From Patrick [130.123.128.114] - 1/11/06 8:12 PM

Hi Aaron,

If I already have a explorer window open (e.g. C:\, My Computer etc...) and then try launching "explorer /e" from a command prompt with Administrator privledges, then another instance of explorer appears but it doesn't have admin privledges. If I close all other explorer windows and then try again it works. I do have "Launch Folder Windows in a Separate Process" enabled.

Do you know why this behaviour is occurring ?

Regards,

Patrick 

From Aaron Margosis [206.165.183.170] - 1/12/06 6:50 AM

Patrick,

There are no rules or guarantees.  Explorer wasn't designed to support multiple simultaneous security contexts on the same desktop.  The fact that SeparateProcess helps support RunAs at all is an unintended side effect.  That's one of the reasons I always use PrivBar.

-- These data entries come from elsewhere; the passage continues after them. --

(* Let $(X,S)$ be an association scheme with the trivial partition $S=\{\mathbf{1},\sigma\}$, where $\mathbf{1}=\{(x,x)\mid x\in X\}$ and $\sigma=(X\times X)\setminus\mathbf{1}$. If $\sharp X\geq3$, then the group $h\mathrm{aut}(\jmath(X,S))$ is isomorphic to the symmetric group on $\sharp X$ letters. If $\sharp X=2$, then $h\mathrm{aut}(\jmath(X,S))$ is trivial.
   Context: An association scheme is a pair $(X,S)$ with $X$ a finite set and $S$ a partition of $X\times X$ containing $\{(x,x)\mid x\in X\}$, closed under $g\mapsto g^*=\{(y,x)\mid(x,y)\in g\}$, such that for all $e,f,g\in S$ the number $\sharp\{y\in X\mid(x,y)\in e,(y,z)\in f\}$ is the same for all $(x,z)\in g$. The quasi-schemoid $\jmath(X,S)=(\mathcal{C},S)$ has $ob(\mathcal{C})=X$, $\mathrm{Hom}_{\mathcal{C}}(y,x)=\{(x,y)\}$, composition $(z,x)\circ(x,y)=(z,y)$, and partition $S$ of $mor(\mathcal{C})=X\times X$. A morphism of quasi-schemoids is a functor sending each block of the source partition into some block of the target partition. Product: $(\mathcal{C},S)\times(\mathcal{E},S')=(\mathcal{C}\times\mathcal{E},\{\sigma\times\tau\})$. $[1]$ has objects $0,1$ and one non-identity morphism $0\to1$; $I=([1],\{\{f\}\}_{f})$. A homotopy $H\colon F\Rightarrow G$ is a morphism $H\colon(\mathcal{C},S)\times I\to(\mathcal{D},S')$ with $H\circ\varepsilon_0=F$, $H\circ\varepsilon_1=G$ ($\varepsilon_i(a)=(a,i)$, $\varepsilon_i(f)=(f,1_i)$). $F\sim G$ means there is a homotopy $F\Rightarrow G$ or $G\Rightarrow F$; $F\simeq G$ means a finite chain $F=F_0\sim\cdots\sim F_n=G$; $\simeq$ is an equivalence relation compatible with composition. A self-homotopy equivalence of $A$ is a morphism $F\colon A\to A$ for which there is $G\colon A\to A$ with $FG\simeq1$ and $GF\simeq1$; $h\mathrm{aut}(A)$ is the group of $\simeq$-classes of self-homotopy equivalences of $A$ under composition. *)

theory Defs
  imports "HOL-Algebra.Sym_Groups"
begin

record ('o, 'm) qschemoid =
  Obj  :: "'o set"
  Mor  :: "'m set"
  Dom  :: "'m \<Rightarrow> 'o"
  Cod  :: "'m \<Rightarrow> 'o"
  Idm  :: "'o \<Rightarrow> 'm"
  Comp :: "'m \<Rightarrow> 'm \<Rightarrow> 'm"   (* Comp g f = g \<circ> f, defined when Dom g = Cod f *)
  Part :: "'m set set"

definition assoc_scheme :: "'a set \<Rightarrow> ('a \<times> 'a) set set \<Rightarrow> bool" where
  "assoc_scheme X S \<longleftrightarrow>
     finite X \<and>
     \<Union>S = X \<times> X \<and> {} \<notin> S \<and>
     (\<forall>g\<in>S. \<forall>h\<in>S. g \<noteq> h \<longrightarrow> g \<inter> h = {}) \<and>
     Id_on X \<in> S \<and>
     (\<forall>g\<in>S. g\<inverse> \<in> S) \<and>
     (\<forall>e\<in>S. \<forall>f\<in>S. \<forall>g\<in>S. \<forall>p\<in>g. \<forall>q\<in>g.
        card {y\<in>X. (fst p, y) \<in> e \<and> (y, snd p) \<in> f}
      = card {y\<in>X. (fst q, y) \<in> e \<and> (y, snd q) \<in> f})"

(* The quasi-schemoid \<jmath>(X,S): the morphism (x,y) goes from y to x *)
definition jmath :: "'a set \<Rightarrow> ('a \<times> 'a) set set \<Rightarrow> ('a, 'a \<times> 'a) qschemoid" where
  "jmath X S = \<lparr> Obj = X, Mor = X \<times> X, Dom = snd, Cod = fst,
                Idm = (\<lambda>x. (x, x)), Comp = (\<lambda>g f. (fst g, snd f)), Part = S \<rparr>"

definition qs_morphism ::
  "('o1, 'm1) qschemoid \<Rightarrow> ('o2, 'm2) qschemoid \<Rightarrow> ('o1 \<Rightarrow> 'o2) \<times> ('m1 \<Rightarrow> 'm2) \<Rightarrow> bool" where
  "qs_morphism A B F \<longleftrightarrow>
     (\<forall>a\<in>Obj A. fst F a \<in> Obj B) \<and>
     (\<forall>f\<in>Mor A. snd F f \<in> Mor B \<and> Dom B (snd F f) = fst F (Dom A f)
                  \<and> Cod B (snd F f) = fst F (Cod A f)) \<and>
     (\<forall>a\<in>Obj A. snd F (Idm A a) = Idm B (fst F a)) \<and>
     (\<forall>f\<in>Mor A. \<forall>g\<in>Mor A. Dom A g = Cod A f \<longrightarrow>
        snd F (Comp A g f) = Comp B (snd F g) (snd F f)) \<and>
     (\<forall>\<sigma>\<in>Part A. \<exists>\<tau>\<in>Part B. snd F ` \<sigma> \<subseteq> \<tau>)"

definition qs_prod ::
  "('o1, 'm1) qschemoid \<Rightarrow> ('o2, 'm2) qschemoid \<Rightarrow> ('o1 \<times> 'o2, 'm1 \<times> 'm2) qschemoid" where
  "qs_prod A B = \<lparr> Obj = Obj A \<times> Obj B, Mor = Mor A \<times> Mor B,
       Dom = (\<lambda>(f, g). (Dom A f, Dom B g)), Cod = (\<lambda>(f, g). (Cod A f, Cod B g)),
       Idm = (\<lambda>(a, b). (Idm A a, Idm B b)),
       Comp = (\<lambda>(f', g') (f, g). (Comp A f' f, Comp B g' g)),
       Part = {\<sigma> \<times> \<tau> | \<sigma> \<tau>. \<sigma> \<in> Part A \<and> \<tau> \<in> Part B} \<rparr>"

(* The quasi-schemoid I = ([1], discrete partition). Objects 0,1; a morphism is a
   pair (target, source) with source \<le> target. *)
definition qs_I :: "(nat, nat \<times> nat) qschemoid" where
  "qs_I = \<lparr> Obj = {0, 1}, Mor = {(0, 0), (1, 1), (1, 0)}, Dom = snd, Cod = fst,
            Idm = (\<lambda>i. (i, i)), Comp = (\<lambda>g f. (fst g, snd f)),
            Part = {{f} | f. f \<in> {(0, 0), (1, 1), (1, 0)}} \<rparr>"

definition qs_homotopy ::
  "('o1, 'm1) qschemoid \<Rightarrow> ('o2, 'm2) qschemoid \<Rightarrow>
   ('o1 \<times> nat \<Rightarrow> 'o2) \<times> ('m1 \<times> (nat \<times> nat) \<Rightarrow> 'm2) \<Rightarrow>
   ('o1 \<Rightarrow> 'o2) \<times> ('m1 \<Rightarrow> 'm2) \<Rightarrow> ('o1 \<Rightarrow> 'o2) \<times> ('m1 \<Rightarrow> 'm2) \<Rightarrow> bool" where
  "qs_homotopy A B H F G \<longleftrightarrow>
     qs_morphism (qs_prod A qs_I) B H \<and>
     (\<forall>a\<in>Obj A. fst H (a, 0) = fst F a \<and> fst H (a, 1) = fst G a) \<and>
     (\<forall>f\<in>Mor A. snd H (f, (0, 0)) = snd F f \<and> snd H (f, (1, 1)) = snd G f)"

definition qs_htpy_sim ::
  "('o1, 'm1) qschemoid \<Rightarrow> ('o2, 'm2) qschemoid \<Rightarrow>
   ('o1 \<Rightarrow> 'o2) \<times> ('m1 \<Rightarrow> 'm2) \<Rightarrow> ('o1 \<Rightarrow> 'o2) \<times> ('m1 \<Rightarrow> 'm2) \<Rightarrow> bool" where
  "qs_htpy_sim A B F G \<longleftrightarrow> (\<exists>H. qs_homotopy A B H F G) \<or> (\<exists>H. qs_homotopy A B H G F)"

definition qs_simeq ::
  "('o1, 'm1) qschemoid \<Rightarrow> ('o2, 'm2) qschemoid \<Rightarrow>
   ('o1 \<Rightarrow> 'o2) \<times> ('m1 \<Rightarrow> 'm2) \<Rightarrow> ('o1 \<Rightarrow> 'o2) \<times> ('m1 \<Rightarrow> 'm2) \<Rightarrow> bool" where
  "qs_simeq A B = (qs_htpy_sim A B)\<^sup>*\<^sup>*"

definition qs_comp :: "('o \<Rightarrow> 'o) \<times> ('m \<Rightarrow> 'm) \<Rightarrow> ('o \<Rightarrow> 'o) \<times> ('m \<Rightarrow> 'm) \<Rightarrow> ('o \<Rightarrow> 'o) \<times> ('m \<Rightarrow> 'm)" where
  "qs_comp F G = (fst F \<circ> fst G, snd F \<circ> snd G)"

definition qs_idmor :: "('o \<Rightarrow> 'o) \<times> ('m \<Rightarrow> 'm)" where
  "qs_idmor = (id, id)"

definition self_heq :: "('o, 'm) qschemoid \<Rightarrow> ('o \<Rightarrow> 'o) \<times> ('m \<Rightarrow> 'm) \<Rightarrow> bool" where
  "self_heq A F \<longleftrightarrow> qs_morphism A A F \<and>
     (\<exists>G. qs_morphism A A G \<and> qs_simeq A A (qs_comp F G) qs_idmor
                           \<and> qs_simeq A A (qs_comp G F) qs_idmor)"

definition hclass :: "('o, 'm) qschemoid \<Rightarrow> ('o \<Rightarrow> 'o) \<times> ('m \<Rightarrow> 'm) \<Rightarrow> (('o \<Rightarrow> 'o) \<times> ('m \<Rightarrow> 'm)) set" where
  "hclass A F = {G. qs_morphism A A G \<and> qs_simeq A A F G}"

definition haut :: "('o, 'm) qschemoid \<Rightarrow> (('o \<Rightarrow> 'o) \<times> ('m \<Rightarrow> 'm)) set monoid" where
  "haut A = \<lparr> carrier = hclass A ` {F. self_heq A F},
             mult = (\<lambda>X Y. hclass A (qs_comp (SOME F. F \<in> X) (SOME G. G \<in> Y))),
             one = hclass A qs_idmor \<rparr>"

end

theory Submission
  imports Defs
begin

From Callie Jordan [209.216.169.190] - 1/12/06 10:06 AM

Oh dear, I'm afraid I got lost. I'm trying to fix up my friends/family as LUA but I *do* need to be able to explain how to do some of the things that they won't be allowed to as LUA. So it sounds like I should NOT show them MakeMeAdmin. I think all I've planned to do is have them use RunAs from the right click menu, which I thought I understood to grant Admin privileges for that *one* time use. Not only do they not need MakeMeAdmin if RunAs works as I thought I understood, but PrivBar etc would be more complicated than I think they can handle. Especially since I'm not physically at their computer and have to send them directions to do it themselves. Is Vista going to be any easier for the normal person to understand/use???

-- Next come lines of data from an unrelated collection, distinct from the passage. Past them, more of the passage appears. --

(* Let $n\ge 2$ and $g\ge 3$, and let $\mathcal M^{\mathrm o}_g(n)$ be the number of MAB pairs $(u,v)$ of binary words with $|u|=|v|=n$ and $\mathrm{lsb}(u,v)+\mathrm{lsb}(v,u)-n=g$. Then $$\mathcal M^{\mathrm o}_g(n)=2\sum_{i=g+1}^{n-1}\ \sum_{l_2=0}^{n-i-2}\ \sum_{l_1=l_2+2}^{n-i}\ \sum_{k=l_1}^{g+l_2}\ \sum_{m=k'}^{n-j+k}\frac{l_1-l_2}{n-i}\binom{n-i}{l_1}\binom{n-i}{l_2}\cdot{}_{A_{l_2}}N_{A_{l_1}}^{A_k}\cdot\frac{l_1-l_2}{n-j}\binom{n-j}{m-k}\binom{n-j}{m-k'},$$ where in each term $j=n+g-i$, $k'=k+l_1-l_2$, $A_{l_1}=(l_1,n-i-l_1)$, $A_{l_2}=(l_2,n-i-l_2)$ and $A_k=(k,j-k)$ (empty sums are $0$).
   Context: Let $\Sigma=\{a,b\}$. For a word $w$ and a letter $c$, $|w|_c$ denotes the number of occurrences of $c$ in $w$. Two words $x,y$ are abelian equivalent, written $x\sim_{\mathrm{abl}}y$, if $|x|_c=|y|_c$ for all $c\in\Sigma$. For words $u,v$: a pair $(x,y)$ is an internal abelian-border of $(u,v)$ if $x$ is a nonempty proper suffix of $u$, $y$ is a proper prefix of $v$, and $x\sim_{\mathrm{abl}}y$; it is an external abelian-border of $(u,v)$ if $x$ is a nonempty proper prefix of $u$, $y$ is a proper suffix of $v$, and $x\sim_{\mathrm{abl}}y$. The pair $(u,v)$ is mutually abelian-bordered (MAB) if it has both an internal and an external abelian-border, and mutually abelian-unbordered (MAU) if it has neither. If $(u,v)$ has an internal abelian-border, $\mathrm{sb}(u,v)$ denotes its internal abelian-border $(x,y)$ of minimal length and $\mathrm{lsb}(u,v)=|x|$ is that minimal length. A lattice path is a finite sequence of points of $\mathbb Z^2$ in which each consecutive difference is $(1,0)$ (an east step) or $(0,1)$ (a north step). The word $w(p)\in\Sigma^*$ of a lattice path $p$ records its steps in order, writing $a$ for an east step and $b$ for a north step; conversely, for a point $A\in\mathbb Z^2$ and a word $w$, $p_A(w)$ is the lattice path starting at $A$ whose word is $w$. For lattice paths $p,q$, $p\cap q$ denotes the set of lattice points lying on both. For distinct lattice points $A,B,C$, ${}_{A}\mathcal N_{B}^{C}$ is the set of triples $(p,q,p')$ where $p$ is a lattice path from $A$ to $C$, $q$ is a lattice path from $B$ to $C$, $p'=p_B(w(p))$, $p\cap q=\{C\}$ and $q\cap p'=\{B\}$; and ${}_{A}N_{B}^{C}=|{}_{A}\mathcal N_{B}^{C}|$. Binomial coefficients $\binom{N}{r}$ are $0$ when $r<0$ or $r>N$. *)

theory Defs
  imports Complex_Main
begin

datatype letter = La | Lb

type_synonym word = "letter list"

definition abel_eq :: "word \<Rightarrow> word \<Rightarrow> bool" where
  "abel_eq x y \<longleftrightarrow> (\<forall>c. count_list x c = count_list y c)"

definition is_suffix_of :: "word \<Rightarrow> word \<Rightarrow> bool" where
  "is_suffix_of x u \<longleftrightarrow> (\<exists>z. u = z @ x)"

definition is_prefix_of :: "word \<Rightarrow> word \<Rightarrow> bool" where
  "is_prefix_of y v \<longleftrightarrow> (\<exists>z. v = y @ z)"

definition int_border :: "word \<Rightarrow> word \<Rightarrow> word \<Rightarrow> word \<Rightarrow> bool" where
  "int_border u v x y \<longleftrightarrow>
     x \<noteq> [] \<and> is_suffix_of x u \<and> length x < length u \<and>
     is_prefix_of y v \<and> length y < length v \<and> abel_eq x y"

definition ext_border :: "word \<Rightarrow> word \<Rightarrow> word \<Rightarrow> word \<Rightarrow> bool" where
  "ext_border u v x y \<longleftrightarrow>
     x \<noteq> [] \<and> is_prefix_of x u \<and> length x < length u \<and>
     is_suffix_of y v \<and> length y < length v \<and> abel_eq x y"

definition MAB :: "word \<Rightarrow> word \<Rightarrow> bool" where
  "MAB u v \<longleftrightarrow> (\<exists>x y. int_border u v x y) \<and> (\<exists>x y. ext_border u v x y)"

text \<open>Length of the shortest internal abelian-border (meaningful when one exists).\<close>
definition lsb :: "word \<Rightarrow> word \<Rightarrow> nat" where
  "lsb u v = (LEAST l. \<exists>x y. int_border u v x y \<and> length x = l)"

type_synonym point = "int \<times> int"

definition is_step :: "point \<Rightarrow> point \<Rightarrow> bool" where
  "is_step P Q \<longleftrightarrow> Q = (fst P + 1, snd P) \<or> Q = (fst P, snd P + 1)"

definition lattice_path :: "point list \<Rightarrow> bool" where
  "lattice_path p \<longleftrightarrow> p \<noteq> [] \<and> (\<forall>i. Suc i < length p \<longrightarrow> is_step (p ! i) (p ! Suc i))"

definition step_letter :: "point \<Rightarrow> point \<Rightarrow> letter" where
  "step_letter P Q = (if Q = (fst P + 1, snd P) then La else Lb)"

definition path_word :: "point list \<Rightarrow> word" where
  "path_word p = map (\<lambda>i. step_letter (p ! i) (p ! Suc i)) [0..<length p - 1]"

fun path_from :: "point \<Rightarrow> word \<Rightarrow> point list" where
  "path_from A [] = [A]"
| "path_from A (La # w) = A # path_from (fst A + 1, snd A) w"
| "path_from A (Lb # w) = A # path_from (fst A, snd A + 1) w"

definition path_between :: "point list \<Rightarrow> point \<Rightarrow> point \<Rightarrow> bool" where
  "path_between p A C \<longleftrightarrow> lattice_path p \<and> hd p = A \<and> last p = C"

definition Nset :: "point \<Rightarrow> point \<Rightarrow> point \<Rightarrow> (point list \<times> point list \<times> point list) set" where
  "Nset A B C = {(p, q, p'). path_between p A C \<and> path_between q B C \<and>
       p' = path_from B (path_word p) \<and> set p \<inter> set q = {C} \<and> set q \<inter> set p' = {B}}"

definition Ncount :: "point \<Rightarrow> point \<Rightarrow> point \<Rightarrow> nat" where
  "Ncount A B C = card (Nset A B C)"

definition binom :: "int \<Rightarrow> int \<Rightarrow> real" where
  "binom N r = (if 0 \<le> r \<and> r \<le> N then real (nat N choose nat r) else 0)"

definition Mo :: "nat \<Rightarrow> nat \<Rightarrow> nat" where
  "Mo g n = card {(u, v). length u = n \<and> length v = n \<and> MAB u v \<and>
       int (lsb u v) + int (lsb v u) - int n = int g}"

end

theory Submission
  imports Defs
begin

text \<open>Let \<open>(u, v)\<close> be MAB with \<open>lsb u v = i\<close> and \<open>lsb v u = j\<close>, \<open>i + j = n + g\<close>. Reading \<open>v\<close>
  backwards against \<open>u\<close> and counting the excess of \<open>a\<close>'s, the shortest border of \<open>(v, u)\<close> is the
  first return of this excess to \<open>0\<close>, at length \<open>j\<close>; symmetrically for \<open>(u, v)\<close> at length \<open>i\<close>.
  As \<open>i + j > n\<close>, the two border regions overlap in a middle block of length \<open>g\<close>, so
  \<open>u = y\<^sub>1 \<mu> y\<^sub>2\<^sup>R\<close> and \<open>v = x\<^sub>2 w\<^sup>R x\<^sub>1\<^sup>R\<close> with \<open>|x\<^sub>1| = |y\<^sub>1| = n - i\<close>, \<open>|x\<^sub>2| = |y\<^sub>2| = n - j\<close>.
  The first-return conditions split into a strict ballot condition on each outer pair, counted by
  \<open>(l\<^sub>1 - l\<^sub>2)/N \<cdot> C(N, l\<^sub>1) C(N, l\<^sub>2)\<close>, and the condition that the lattice path of \<open>w\<close> runs
  strictly between that of \<open>\<mu>\<close> and its translate, which is what \<open>N\<close> counts. Exchanging the letters
  \<open>a\<close> and \<open>b\<close> swaps the pairs in which \<open>u\<close> starts with \<open>b\<close> with the others, giving the factor 2.\<close>

abbreviation acount :: "word \<Rightarrow> nat" where
  "acount w \<equiv> count_list w La"

lemma UNIV_letter: "(UNIV :: letter set) = {La, Lb}"
  using letter.exhaust by auto

instance letter :: finite
  by standard (simp add: UNIV_letter)

lemma finite_words_length: "finite {w :: word. length w = N}"
  using finite_lists_length_eq[of "UNIV :: letter set" N] by simp

lemma length_eq_acount_add_bcount: "length w = acount w + count_list w Lb"
  by (induction w) (auto, metis letter.exhaust)

lemma abel_eq_length: "abel_eq x y \<Longrightarrow> length x = length y"
  unfolding abel_eq_def by (metis length_eq_acount_add_bcount)

lemma abel_eq_iff_acount: "length x = length y \<Longrightarrow> abel_eq x y \<longleftrightarrow> acount x = acount y"
  unfolding abel_eq_def by (metis length_eq_acount_add_bcount add_left_cancel letter.exhaust)

lemma acount_take_Suc: "acount (take t w) \<le> acount (take (Suc t) w) \<and> acount (take (Suc t) w) \<le> acount (take t w) + 1"
  by (cases "t < length w") (auto simp: take_Suc_conv_app_nth)

lemma acount_take_rev: "t \<le> length w \<Longrightarrow> acount (take t (rev w)) = acount w - acount (take (length w - t) w)"
  by (metis add_diff_cancel_left' append_take_drop_id count_list_append count_list_rev take_rev)


section \<open>Prefix excess\<close>

definition prefix_excess :: "word \<Rightarrow> word \<Rightarrow> nat \<Rightarrow> int" where
  "prefix_excess x y t = int (acount (take t x)) - int (acount (take t y))"

lemma prefix_excess_0 [simp]: "prefix_excess x y 0 = 0"
  by (simp add: prefix_excess_def)

lemma prefix_excess_swap: "prefix_excess y x t = - prefix_excess x y t"
  by (simp add: prefix_excess_def)

lemma prefix_excess_full: "length x = length y \<Longrightarrow> prefix_excess x y (length x) = int (acount x) - int (acount y)"
  by (simp add: prefix_excess_def)

lemma prefix_excess_append:
  assumes "length x = length y"
  shows "prefix_excess (x @ x') (y @ y') l = (if l \<le> length x then prefix_excess x y l
    else prefix_excess x y (length x) + prefix_excess x' y' (l - length x))"
  using assms by (simp add: prefix_excess_def)

lemma prefix_excess_rev:
  assumes "length x = length y" and "t \<le> length x"
  shows "prefix_excess (rev x) (rev y) t = prefix_excess x y (length x) - prefix_excess x y (length x - t)"
  using assms acount_take_rev[of t x] acount_take_rev[of t y]
    count_list_append[of "take (length x - t) x" "drop (length x - t) x" La]
    count_list_append[of "take (length y - t) y" "drop (length y - t) y" La]
  by (simp add: prefix_excess_def of_nat_diff)

lemma unit_steps_preserve_sign:
  fixes f :: "nat \<Rightarrow> int"
  assumes "a \<le> b"
    and "\<And>t. a \<le> t \<Longrightarrow> t < b \<Longrightarrow> \<bar>f (Suc t) - f t\<bar> \<le> 1"
    and "\<And>t. a \<le> t \<Longrightarrow> t \<le> b \<Longrightarrow> f t \<noteq> 0"
  shows "0 < f a \<longleftrightarrow> 0 < f b"
  using assms
proof (induction b rule: dec_induct)
  case base
  then show ?case by simp
next
  case (step m)
  then have "0 < f a \<longleftrightarrow> 0 < f m" by simp
  moreover have "\<bar>f (Suc m) - f m\<bar> \<le> 1" "f m \<noteq> 0" "f (Suc m) \<noteq> 0" using step by simp_all
  ultimately show ?case by linarith
qed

From Aaron Margosis [208.29.145.75] - 1/16/06 7:22 PM

Callie,

MakeMeAdmin is a tool to give the current user account temporary admin power.  Usually all you need is an admin account - not necessarily the same account that the user is currently using.  If all you need is admin privileges, RunAs can get that for you.  I should also add that RunAs requires that the admin account have a password; MakeMeAdmin requires that both the current account and the local admin account both have passwords.  For home users, Fast User Switching is usually the best way to switch between admin and unprivileged contexts, and in that case, blank passwords may also be better.  For more info, see http://blogs.msdn.com/aaron_margosis/archive/2004/06/17/158806.aspx

From Callie Jordan [209.216.181.214] - 1/18/06 7:28 PM

Thanks for that clarification in RunaAs vis MakeMeAdmin. I've been using the advice from your "easiest way to run" original post for quite a while, thanks. But that reminds me --- my Fast User Switching stopped working. I haven't done any research yet about why not, but as it stands now I have to log out of the LUA acct in order to log in as Admin. I used to do it like you said with User A and User B, darn. But in the meantime, RunAs is also very useful. Thanks again.

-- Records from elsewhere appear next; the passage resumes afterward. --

theorem lemma4p6:
  fixes C :: "'c::ab_group_add set" and A :: "'a::ab_group_add set"
  assumes "subgrp C" "countable C" "torsion_grp C"
    and "subgrp A" "countable A"
  shows "\<exists>f. bdef_iso (cocM C A) (bwcoc C A) (bcoc C A) (cadd C) (csub C)
                      (prodM C A) (prod_bw C A) (prod_b C A) (padd C) (psub C) f"
proof -
  interpret pext_decomp C A
    by unfold_locales (use assms in auto)
  have "bdef_iso (cocM C A) (bwcoc C A) (bcoc C A) (cadd C) (csub C)
      (prodM C A) (prod_bw C A) (prod_b C A) (padd C) (psub C) (primary_decomp C A)"
    unfolding bdef_iso_def
  proof (intro conjI ballI)
    show "primary_decomp C A \<in> measurable (restrict_space (cocM C A) (bwcoc C A)) (prodM C A)"
      using primary_decomp_measurable[OF assms(5)] .
    fix c d assume "c \<in> bwcoc C A" "d \<in> bwcoc C A"
    then show "primary_decomp C A c \<in> prod_bw C A"
      and "csub C c d \<in> bcoc C A \<longleftrightarrow> psub C (primary_decomp C A c) (primary_decomp C A d) \<in> prod_b C A"
      and "psub C (primary_decomp C A (cadd C c d)) (padd C (primary_decomp C A c) (primary_decomp C A d))
        \<in> prod_b C A"
      by (simp_all add: primary_decomp_in_prod_bw primary_decomp_csub_iff primary_decomp_cadd)
  next
    fix F assume "F \<in> prod_bw C A"
    then show "\<exists>c\<in>bwcoc C A. psub C F (primary_decomp C A c) \<in> prod_b C A"
      by (rule primary_decomp_surj)
  qed
  then show ?thesis
    by blast
qed

end
lemma Mmat_row_sum:
  assumes "a \<in> Idx V E"
  shows "(\<Sum>b\<in>Idx V E. Mmat E x a b) = 1"
proof (cases a)
  case (Inl i)
  then have i: "i \<in> V" using assms by (auto simp: Idx_def)
  let ?D = "real (outdeg E i)"
  have buffers: "(\<Sum>u\<in>V. \<Sum>v\<in>V. if (u, v) \<in> E then Mmat E x (Inl i) (Inr (u, v)) else 0)
      = (\<Sum>v\<in>V. if (i, v) \<in> E then (1 - of_bool (x (i, v))) / ?D else 0)"
  proof -
    have "(\<Sum>u\<in>V. \<Sum>v\<in>V. if (u, v) \<in> E then Mmat E x (Inl i) (Inr (u, v)) else 0)
        = (\<Sum>u\<in>V. if u = i then \<Sum>v\<in>V. if (i, v) \<in> E then (1 - of_bool (x (i, v))) / ?D else 0 else 0)"
      by (intro sum.cong) (auto cong: if_cong)
    then show ?thesis using i finite_V by simp
  qed
  have "(\<Sum>b\<in>Idx V E. Mmat E x a b) = (\<Sum>v\<in>V. if (i, v) \<in> E then 1 / ?D else 0)"
    unfolding sum_Idx Inl buffers sum.distrib[symmetric]
    by (intro sum.cong) (auto simp: add_divide_distrib[symmetric])
  also have "\<dots> = real (card {v\<in>V. (i, v) \<in> E}) / real (outdeg E i)"
    using finite_V by (simp add: sum.If_cases Int_def conj_commute)
  also have "{v\<in>V. (i, v) \<in> E} = {v. (i, v) \<in> E}" using E_subset by auto
  finally show ?thesis using outdeg_pos[OF i] by (simp add: outdeg_def)
next
  case (Inr e)
  then obtain u v where uv: "a = Inr (u, v)" "(u, v) \<in> E" using assms by (cases e) (auto simp: Idx_def)
  then have "u \<in> V" "v \<in> V" using E_subset by auto
  moreover have "(\<Sum>u'\<in>V. \<Sum>v'\<in>V. if (u', v') \<in> E then Mmat E x a (Inr (u', v')) else 0)
      = (\<Sum>u'\<in>V. if u' = u then \<Sum>v'\<in>V. if v' = v then 1 - of_bool (x (u, v)) else 0 else 0)"
    using uv by (intro sum.cong) (auto cong: if_cong intro: sum.cong)
  ultimately show ?thesis unfolding sum_Idx using uv finite_V by simp
qed

lemma traj_sum: "(\<Sum>b\<in>Idx V E. traj V E X y k b) = (\<Sum>a\<in>Idx V E. y a)"
  by (induction k) (simp_all add: sum_vecmat_stochastic[OF finite_Idx Mmat_row_sum])

lemma decseq_traj_l1: "decseq (\<lambda>k. \<Sum>b\<in>Idx V E. \<bar>traj V E X y k b\<bar>)"
  by (rule decseq_SucI) (simp add: l1_vecmat_stochastic_le[OF finite_Idx] Mmat_nonneg Mmat_row_sum)

lemma finite_positive_entries:
  "finite {M a b | M a b. M \<in> Mset E \<and> a \<in> Idx V E \<and> b \<in> Idx V E \<and> M a b > 0}"
proof (rule finite_subset)
  show "{M a b | M a b. M \<in> Mset E \<and> a \<in> Idx V E \<and> b \<in> Idx V E \<and> M a b > 0}
      \<subseteq> {0, 1} \<union> (\<lambda>i. 1 / real (outdeg E i)) ` V"
    using Mmat_values by (fastforce simp: Mset_def Idx_def)
qed (use finite_V in simp)

lemma cmin_le: "M \<in> Mset E \<Longrightarrow> a \<in> Idx V E \<Longrightarrow> b \<in> Idx V E \<Longrightarrow> M a b > 0 \<Longrightarrow> cmin V E \<le> M a b"
  unfolding cmin_def by (rule Min_le[OF finite_positive_entries]) blast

From r00t440@yahoo.com [203.131.88.74] - 6/6/06 4:41 AM

Aaron, there are other security issues that would arise even when using MakeMeAdmin. Example, I tried using it to run a certain game (FreeStyleOnline), the game worked flawlessly, but clicking on one of the links of the game's Welcome/Splash screen spawned an Internet Explorer with access similar to that of an admin. With this spawned IE, I am able to delete any files from say "Program Files" which a restricted user cannot. In fact, I was also able to create a new user from this spawned IE, actually I can create a user belonging to Administrators group through this way which for me breaks security.

Perhaps it would be better if, we can set certain executables/programs to run with access similar to that of an admin but all of its child processes should have access of a user or better yet "guest". ^^

There's also "runasspc" (i use it), I don't know if your guys have tried it. 

"Fixing LUA bugs I and II" are greate guides. Way to go Aaron!

From AaronMargosis - 6/6/06 11:44 PM

r00t440 - I would submit that those are not security issues with MakeMeAdmin, since MMA is intended to be used by legitimate admins of the system.  Look at Fixing LUA Bugs Part II and running apps as admin - very high risk, and difficult-to-impossible to constrain.  The 3rd party tools I mentioned will prevent child processes from inheriting the admin token, but they won't prevent those apps from being misused.